Защищенность сети зависит от конфигурации программного обеспечения. Для ОС UNIX определенную угрозу предоставляют так называемые r-команды. Эти команды используют файлы /etc/hosts.equiv и .hosts. Следует проверить эти файлы и /etc/hosts.ltd на наличие символа (+). Нужно помнить, что файл .hosts имеется в каталоге каждого пользователя. Если в вашей сети используется UUCP, удалите все неиспользуемые команды из файла L.cmds, выполните команды chown root L.cmds, chown uucp L.sys и chmod 600 L.sys. Эти меры сделают вашу систему более устойчивой против нежелательных вторжений. Корректная конфигурация NFS и sendmail сделает систему еще безопаснее. Дальнейшей безопасности будет способствовать сокращение списка системных (secure) терминалов (файлы /etc/ttys и /etc/ttytab).

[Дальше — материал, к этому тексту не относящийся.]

theorem corollary3p4:
  fixes p :: "real \<Rightarrow> real \<Rightarrow> real" and q :: "real \<Rightarrow> ennreal"
  assumes "subordinator_density p"
    and "q \<in> borel_measurable lborel"
  shows "((\<exists>\<eta>::real. 0 \<le> \<eta> \<and> (\<exists>Q :: real \<Rightarrow> real \<Rightarrow> real.
              (\<forall>s t. s < t \<longrightarrow> 0 \<le> Q s t) \<and>
              (\<forall>s u t. s < u \<and> u < t \<longrightarrow> Q s u + Q u t \<le> Q s t) \<and>
              (\<forall>s t x y. s < t \<longrightarrow>
                 pert p q 1 s x t y \<le> ennreal (\<eta> + Q s t) * ennreal (trans_dens p s x t y))))
          \<longleftrightarrow> esssup lborel q < \<top>)
     \<and> ((\<exists>s t (C::real). s < t \<and>
            (\<forall>x y. x < y \<longrightarrow> pert_sum p q s x t y \<le> ennreal C * ennreal (trans_dens p s x t y)))
          \<longrightarrow> esssup lborel q < \<top>)"
proof -
  interpret subordinator p by (rule subordinator.intro) fact
  have q: "q \<in> borel_measurable borel" using assms(2) by simp
  define M where "M = enn2real (esssup lborel q)"
  have pert_one_bound: "pert p q 1 s x t y \<le> ennreal (0 + M * (t - s)) * ennreal (trans_dens p s x t y)"
    if "esssup lborel q < \<top>" "s < t" for s t x y
  proof -
    have "ennreal (0 + M * (t - s)) = esssup lborel q * ennreal (t - s)"
      using that by (simp add: M_def ennreal_mult ennreal_enn2real_if)
    then show ?thesis
      using pert_one_le_esssup[OF \<open>s < t\<close>] by (simp only:)
  qed
  have additive: "M * (u - s) + M * (t - u) \<le> M * (t - s)" for s u t :: real
    by (simp add: algebra_simps)
  have nonneg: "s < t \<Longrightarrow> 0 \<le> M * (t - s)" for s t :: real
    by (simp add: M_def)
  show ?thesis
    apply (intro conjI iffI impI)
    subgoal premises bounded
    proof -
      from bounded obtain \<eta> Q where
        "\<forall>s t x y. s < t \<longrightarrow> pert p q 1 s x t y \<le> ennreal (\<eta> + Q s t) * ennreal (trans_dens p s x t y)"
        by blast
      then show ?thesis
        using esssup_lt_top_of_pert_one_le[OF q zero_less_one, of "\<eta> + Q 0 1"] zero_less_one by blast
    qed
    subgoal
      by (intro exI[of _ 0] exI[of _ "\<lambda>s t. M * (t - s)"] conjI allI impI)
        (simp_all only: pert_one_bound nonneg additive order_refl)
    subgoal
      by (elim exE conjE) (rule esssup_lt_top_of_pert_one_le[OF q], assumption,
          blast intro: order_trans[OF pert_one_le_pert_sum])
    done
qed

Но само по себе этого недостаточно - администраторы должны постоянно контролировать ситуацию. Для этого рекомендуется регулярно выполнять команды who и ps, которые сообщают список активных пользователей и процессов. Команды ps -aux для BSD и ps -ef для System 5 выведут на экран список пользователей, которые инициировали активные процессы. Вы можете также воспользоваться командой ls -lR, чтобы просмотреть принадлежность и уровни доступности файлов в каталоге. Хакеры часто оставляют на диске файлы, чтобы облегчить себе в будущем доступ или обеспечить системные привилегии. Для контроля ситуации следует время от времени выполнять команду ls -a | grep ‘^\.’, которая ищет файлы, начинающиеся с символа точка. Хакеры часто полагают, что пользователь воспримет файлы типа .mail или .xxxx как системные, и не будет беспокоиться. Если вами найдены файлы, вызывающие подозрения, следует немедленно проконсультироваться с администратором сети.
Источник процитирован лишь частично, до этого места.